American blogger and Internet celebrity

Cory Kennedy-Levin (born February 21, 1990) is an American model and Internet celebrity. She gained popularity as the Internet's first It girl during the indie sleaze movement of the late 2000s.

== Early life ==
Kennedy was born in Santa Monica, California on February 21, 1990. Her family moved around from West Hollywood and Manhattan Beach before settling in Santa Monica in 2000. When she started attending Santa Monica High School in 2003, she began struggling with bouts of sadness and would seclude herself away from others. While in school she felt she was surrounded by peers who were more academically advanced and overall more privileged. In the same year, her mother enrolled her in a month long UCLA program for those dealing with clinical depression. This would later drastically affect how she mentally handled international career success.

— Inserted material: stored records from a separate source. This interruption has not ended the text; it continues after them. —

lemma chordal_colouring:
  assumes "finite X" "chordal X E" "symp E" "irreflp E"
    and clique_bound: "\<And>C. is_clique X E C \<Longrightarrow> card C \<le> k"
  obtains c :: "'a \<Rightarrow> nat"
  where "\<And>u. u \<in> X \<Longrightarrow> c u < k" "\<And>u w. u \<in> X \<Longrightarrow> w \<in> X \<Longrightarrow> E u w \<Longrightarrow> c u \<noteq> c w"
proof -
  have "\<exists>c :: 'a \<Rightarrow> nat. (\<forall>u\<in>X. c u < k) \<and> (\<forall>u\<in>X. \<forall>w\<in>X. E u w \<longrightarrow> c u \<noteq> c w)"
    using assms(1-4)
  proof (induction rule: chordal_simplicial_induct)
    case (insert Y v)
    then obtain c :: "'a \<Rightarrow> nat" where c: "\<forall>u\<in>Y. c u < k" "\<forall>u\<in>Y. \<forall>w\<in>Y. E u w \<longrightarrow> c u \<noteq> c w"
      by blast
    define K where "K = {u \<in> Y. E v u}"
    have "finite K"
      using insert.hyps(1) assms(1) by (auto simp: K_def intro: finite_subset)
    have "is_clique X E (insert v K)"
      unfolding is_clique_def
    proof (intro conjI ballI impI)
      show "insert v K \<subseteq> X"
        using insert.hyps(1) by (auto simp: K_def)
      fix x y assume "x \<in> insert v K" "y \<in> insert v K" "x \<noteq> y"
      then show "E x y"
        using insert.hyps(3) sympD[OF assms(3), of v]
        unfolding simplicial_def is_clique_def K_def by blast
    qed
    then have "card (insert v K) \<le> k"
      by (rule clique_bound)
    then have "card K < k"
      using \<open>finite K\<close> insert.hyps(2) by (simp add: K_def)
    have "\<not> {..<k} \<subseteq> c ` K"
    proof
      assume "{..<k} \<subseteq> c ` K"
      then have "card {..<k} \<le> card (c ` K)"
        using \<open>finite K\<close> by (intro card_mono) auto
      also have "\<dots> \<le> card K"
        using \<open>finite K\<close> by (rule card_image_le)
      finally show False
        using \<open>card K < k\<close> by simp
    qed
    then obtain col where "col < k" "col \<notin> c ` K"
      by blast
    with c insert.hyps(2) sympD[OF assms(3), of _ v] irreflpD[OF assms(4), of v] show ?case
      by (intro exI[of _ "c(v := col)"]) (auto simp: K_def)
  qed simp
  with that show thesis by blast
qed

section \<open>Laminar interval models\<close>

definition encloses :: "('a \<Rightarrow> real) \<Rightarrow> ('a \<Rightarrow> real) \<Rightarrow> 'a \<Rightarrow> 'a \<Rightarrow> bool" where
  "encloses s t u w \<longleftrightarrow> s u < s w \<and> t w < t u"

text \<open>Nesting of the intervals [s u, t u] is the ancestor relation of a rooted forest.\<close>

locale laminar_model =
  fixes X :: "'a set" and E :: "'a \<Rightarrow> 'a \<Rightarrow> bool" and s t :: "'a \<Rightarrow> real"
  assumes interval: "u \<in> X \<Longrightarrow> s u < t u"
    and disjoint_or_nested: "u \<in> X \<Longrightarrow> w \<in> X \<Longrightarrow> u \<noteq> w \<Longrightarrow>
      t u < s w \<or> t w < s u \<or> encloses s t u w \<or> encloses s t w u"
    and edge_nested: "u \<in> X \<Longrightarrow> w \<in> X \<Longrightarrow> E u w \<Longrightarrow> encloses s t u w \<or> encloses s t w u"
    and edge_intermediate: "a \<in> X \<Longrightarrow> u \<in> X \<Longrightarrow> w \<in> X \<Longrightarrow> E a w \<Longrightarrow>
      encloses s t a u \<Longrightarrow> encloses s t u w \<Longrightarrow> E a u"
begin

lemma insert_vertex:
  assumes sym: "symp E" and irrefl: "irreflp E" and "v \<notin> X" "sv < tv"
    and placed: "\<And>u. u \<in> X \<Longrightarrow> tv < s u \<or> t u < sv \<or> (s u < sv \<and> tv < t u)"
    and neighbours: "\<And>u. u \<in> X \<Longrightarrow> E v u \<Longrightarrow> s u < sv \<and> tv < t u"
    and intermediate: "\<And>a u. a \<in> X \<Longrightarrow> u \<in> X \<Longrightarrow> E v a \<Longrightarrow> encloses s t a u \<Longrightarrow>
      s u < sv \<Longrightarrow> tv < t u \<Longrightarrow> E a u"
  shows "laminar_model (insert v X) E (s(v := sv)) (t(v := tv))"
proof -
  let ?s = "s(v := sv)" and ?t = "t(v := tv)"
  have old: "encloses ?s ?t u w \<longleftrightarrow> encloses s t u w" if "u \<in> X" "w \<in> X" for u w
    using that \<open>v \<notin> X\<close> by (auto simp: encloses_def)
  have into_v: "encloses ?s ?t u v \<longleftrightarrow> s u < sv \<and> tv < t u" if "u \<in> X" for u
    using that \<open>v \<notin> X\<close> by (auto simp: encloses_def)
  have from_v: "\<not> encloses ?s ?t v u" if "u \<in> X" for u
    using that \<open>v \<notin> X\<close> placed[OF that] interval[OF that] by (auto simp: encloses_def)
  have v_self: "\<not> encloses ?s ?t v v"
    by (simp add: encloses_def)
  show ?thesis
  proof unfold_locales
    fix u assume "u \<in> insert v X"
    then show "?s u < ?t u"
      using interval \<open>sv < tv\<close> \<open>v \<notin> X\<close> by auto
  next
    fix u w assume uw: "u \<in> insert v X" "w \<in> insert v X" "u \<noteq> w"
    show "?t u < ?s w \<or> ?t w < ?s u \<or> encloses ?s ?t u w \<or> encloses ?s ?t w u"
    proof (cases "u = v \<or> w = v")
      case True
      then show ?thesis
        using uw placed[of u] placed[of w] into_v \<open>v \<notin> X\<close> by auto
    next
      case False
      then show ?thesis
        using uw disjoint_or_nested[of u w] old by auto
    qed
  next
    fix u w assume "u \<in> insert v X" "w \<in> insert v X" "E u w"
    then show "encloses ?s ?t u w \<or> encloses ?s ?t w u"
      using edge_nested old into_v neighbours sympD[OF sym, of u v] irreflpD[OF irrefl, of v]
      by auto
  next
    fix a u w assume auw: "a \<in> insert v X" "u \<in> insert v X" "w \<in> insert v X" "E a w"
      and au: "encloses ?s ?t a u" and uw: "encloses ?s ?t u w"
    have "a \<noteq> v"
      using au from_v[of u] v_self auw(2) by (cases "u = v") auto
    moreover have "u \<noteq> v"
      using uw from_v[of w] v_self auw(3) by (cases "w = v") auto
    ultimately have "a \<in> X" "u \<in> X"
      using auw(1,2) by auto
    show "E a u"
    proof (cases "w = v")
      case True
      then show ?thesis
        using intermediate \<open>a \<in> X\<close> \<open>u \<in> X\<close> au uw auw(4) old into_v sympD[OF sym, of a v]
        by simp
    next
      case False
      then have "w \<in> X"
        using auw(3) by simp
      then show ?thesis
        using edge_intermediate[OF \<open>a \<in> X\<close> \<open>u \<in> X\<close> \<open>w \<in> X\<close> auw(4)] au uw
          old \<open>a \<in> X\<close> \<open>u \<in> X\<close>
        by simp
    qed
  qed
qed

lemma insert_isolated:
  assumes "symp E" "irreflp E" "finite X" "v \<notin> X" "\<And>u. u \<in> X \<Longrightarrow> \<not> E v u"
  shows "\<exists>sv tv. laminar_model (insert v X) E (s(v := sv)) (t(v := tv))"
proof -
  define M where "M = Max (insert 0 (t ` X))"
  have "t u \<le> M" if "u \<in> X" for u
    using that \<open>finite X\<close> by (simp add: M_def)
  then have "laminar_model (insert v X) E (s(v := M + 1)) (t(v := M + 2))"
  proof (intro insert_vertex)
    fix u assume "u \<in> X"
    with \<open>\<And>u. u \<in> X \<Longrightarrow> t u \<le> M\<close> show "M + 2 < s u \<or> t u < M + 1 \<or> s u < M + 1 \<and> M + 2 < t u"
      by fastforce
  qed (use assms in auto)
  then show ?thesis by blast
qed

text \<open>A slot for a new leaf child of d.\<close>

lemma leaf_interval_below:
  assumes "finite X" "d \<in> X"
  obtains sv tv where "s d < sv" "sv < tv" "tv < t d"
    "\<And>u. u \<in> X \<Longrightarrow> tv < s u \<or> t u < sv \<or> ((u = d \<or> encloses s t u d) \<and> s u < sv \<and> tv < t u)"
proof -
  define m where "m = Min (insert (t d) (s ` {w \<in> X. s d < s w}))"
  have below_m: "m \<le> t d" "\<And>w. w \<in> X \<Longrightarrow> s d < s w \<Longrightarrow> m \<le> s w"
    unfolding m_def using \<open>finite X\<close> by (auto intro: Min_le)
  have "s d < m"
    unfolding m_def using \<open>finite X\<close> interval[OF \<open>d \<in> X\<close>] by (subst Min_gr_iff) auto
  define sv where "sv = (2 * s d + m) / 3"
  define tv where "tv = (s d + 2 * m) / 3"
  have sv_tv: "s d < sv" "sv < tv" "tv < m"
    using \<open>s d < m\<close> by (simp_all add: sv_def tv_def)
  have "tv < s u \<or> t u < sv \<or> ((u = d \<or> encloses s t u d) \<and> s u < sv \<and> tv < t u)"
    if "u \<in> X" for u
  proof -
    consider "s d < s u" | "u = d" | "u \<noteq> d" "s u \<le> s d"
      by linarith
    then show ?thesis
    proof cases
      case 1
      then have "tv < s u" using below_m(2)[OF that] sv_tv by linarith
      then show ?thesis by blast
    next
      case 2
      then show ?thesis using below_m(1) sv_tv by auto
    next
      case 3
      then have "t u < s d \<or> encloses s t u d"
        using disjoint_or_nested[OF that \<open>d \<in> X\<close>] interval[OF that] interval[OF \<open>d \<in> X\<close>]
        by (auto simp: encloses_def)
      then show ?thesis
        using below_m(1) sv_tv by (auto simp: encloses_def)
    qed
  qed
  moreover have "tv < t d"
    using sv_tv below_m(1) by linarith
  ultimately show thesis
    using that sv_tv(1,2) by blast
qed

lemma insert_below:
  assumes "symp E" "irreflp E" "finite X" "v \<notin> X" "d \<in> X"
    and neighbours: "\<And>u. u \<in> X \<Longrightarrow> E v u \<Longrightarrow> u = d \<or> encloses s t u d \<and> E u d"
  shows "\<exists>sv tv. laminar_model (insert v X) E (s(v := sv)) (t(v := tv))"
proof -
  obtain sv tv where sv_tv: "s d < sv" "sv < tv" "tv < t d"
    and placed: "\<And>u. u \<in> X \<Longrightarrow>
      tv < s u \<or> t u < sv \<or> ((u = d \<or> encloses s t u d) \<and> s u < sv \<and> tv < t u)"
    using leaf_interval_below[OF \<open>finite X\<close> \<open>d \<in> X\<close>] by blast
  have "laminar_model (insert v X) E (s(v := sv)) (t(v := tv))"
  proof (rule insert_vertex)
    fix u assume "u \<in> X"
    then show "tv < s u \<or> t u < sv \<or> s u < sv \<and> tv < t u"
      using placed by blast
  next
    fix u assume "u \<in> X" "E v u"
    then have "u = d \<or> encloses s t u d"
      using neighbours by blast
    then show "s u < sv \<and> tv < t u"
      using sv_tv by (auto simp: encloses_def)
  next
    fix a u assume "a \<in> X" "u \<in> X" "E v a" "encloses s t a u" "s u < sv" "tv < t u"
    then have "u = d \<or> encloses s t u d"
      using placed[OF \<open>u \<in> X\<close>] sv_tv by auto
    moreover have "E a d"
    proof -
      have "a \<noteq> d"
        using \<open>encloses s t a u\<close> \<open>u = d \<or> encloses s t u d\<close> by (auto simp: encloses_def)
      then show ?thesis
        using neighbours \<open>a \<in> X\<close> \<open>E v a\<close> by blast
    qed
    ultimately show "E a u"
      using edge_intermediate \<open>a \<in> X\<close> \<open>u \<in> X\<close> \<open>d \<in> X\<close> \<open>encloses s t a u\<close> by blast
  qed (use assms sv_tv in auto)
  then show ?thesis by blast
qed

lemma insert_simplicial:
  assumes "symp E" "irreflp E" "finite X" "v \<notin> X" "simplicial (insert v X) E v"
  shows "\<exists>sv tv. laminar_model (insert v X) E (s(v := sv)) (t(v := tv))"
proof (cases "\<exists>u\<in>X. E v u")
  case False
  then show ?thesis
    using insert_isolated assms by blast
next
  case True
  define K where "K = {u \<in> X. E v u}"
  have "finite K" "K \<noteq> {}"
    using \<open>finite X\<close> True by (auto simp: K_def)
  then obtain d where "d \<in> K" "s d = Max (s ` K)"
    by (metis (mono_tags, lifting) Max_in finite_imageI image_iff image_is_empty)
  then have d_max: "s u \<le> s d" if "u \<in> K" for u
    using that \<open>finite K\<close> by simp
  have "u = d \<or> encloses s t u d \<and> E u d" if "u \<in> X" "E v u" for u
  proof (cases "u = d")
    case False
    then have "E u d"
      using that \<open>d \<in> K\<close> assms(5) by (auto simp: K_def simplicial_def is_clique_def)
    then show ?thesis
      using edge_nested[of u d] d_max[of u] that \<open>d \<in> K\<close> by (auto simp: K_def encloses_def)
  qed simp
  then show ?thesis
    using insert_below assms \<open>d \<in> K\<close> by (auto simp: K_def)
qed

end

lemma chordal_laminar_model:
  assumes "finite X" "chordal X E" "symp E" "irreflp E"
  obtains s t where "laminar_model X E s t"
proof -
  have "\<exists>s t. laminar_model X E s t"
    using assms
  proof (induction rule: chordal_simplicial_induct)
    case empty
    have "laminar_model {} E s t" for s t
      by (rule laminar_model.intro) auto
    then show ?case by blast
  next
    case (insert Y v)
    then obtain s t where "laminar_model Y E s t"
      by blast
    moreover have "finite Y"
      using insert.hyps(1) assms(1) by (auto intro: finite_subset)
    ultimately show ?case
      using laminar_model.insert_simplicial[of Y E s t v] insert.hyps(2,3) assms(3,4) by blast
  qed
  with that show thesis by blast
qed

section \<open>Boxes from a coloured laminar model\<close>

locale coloured_laminar_model = laminar_model +
  fixes k :: nat and c :: "'a \<Rightarrow> nat"
  assumes finite: "finite X" and sym: "symp E"
    and colour_less: "u \<in> X \<Longrightarrow> c u < k"
    and colour_proper: "u \<in> X \<Longrightarrow> w \<in> X \<Longrightarrow> E u w \<Longrightarrow> c u \<noteq> c w"
begin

Kennedy met the photographer Mark Hunter at a Blood Brothers concert at the El Rey Theatre in Los Angeles in the summer of 2005. He took some photographs of her for his website and they exchanged phone numbers. In January 2006, Kennedy began an internship at his office, to fulfill a requirement from her high school for graduation in photojournalism.

== Career ==
Hunter's website featured photos of celebrities at various parties, to which he began bringing Kennedy. Hunter and Kennedy began dating with the approval of her parents. By this point, Kennedy had become his muse.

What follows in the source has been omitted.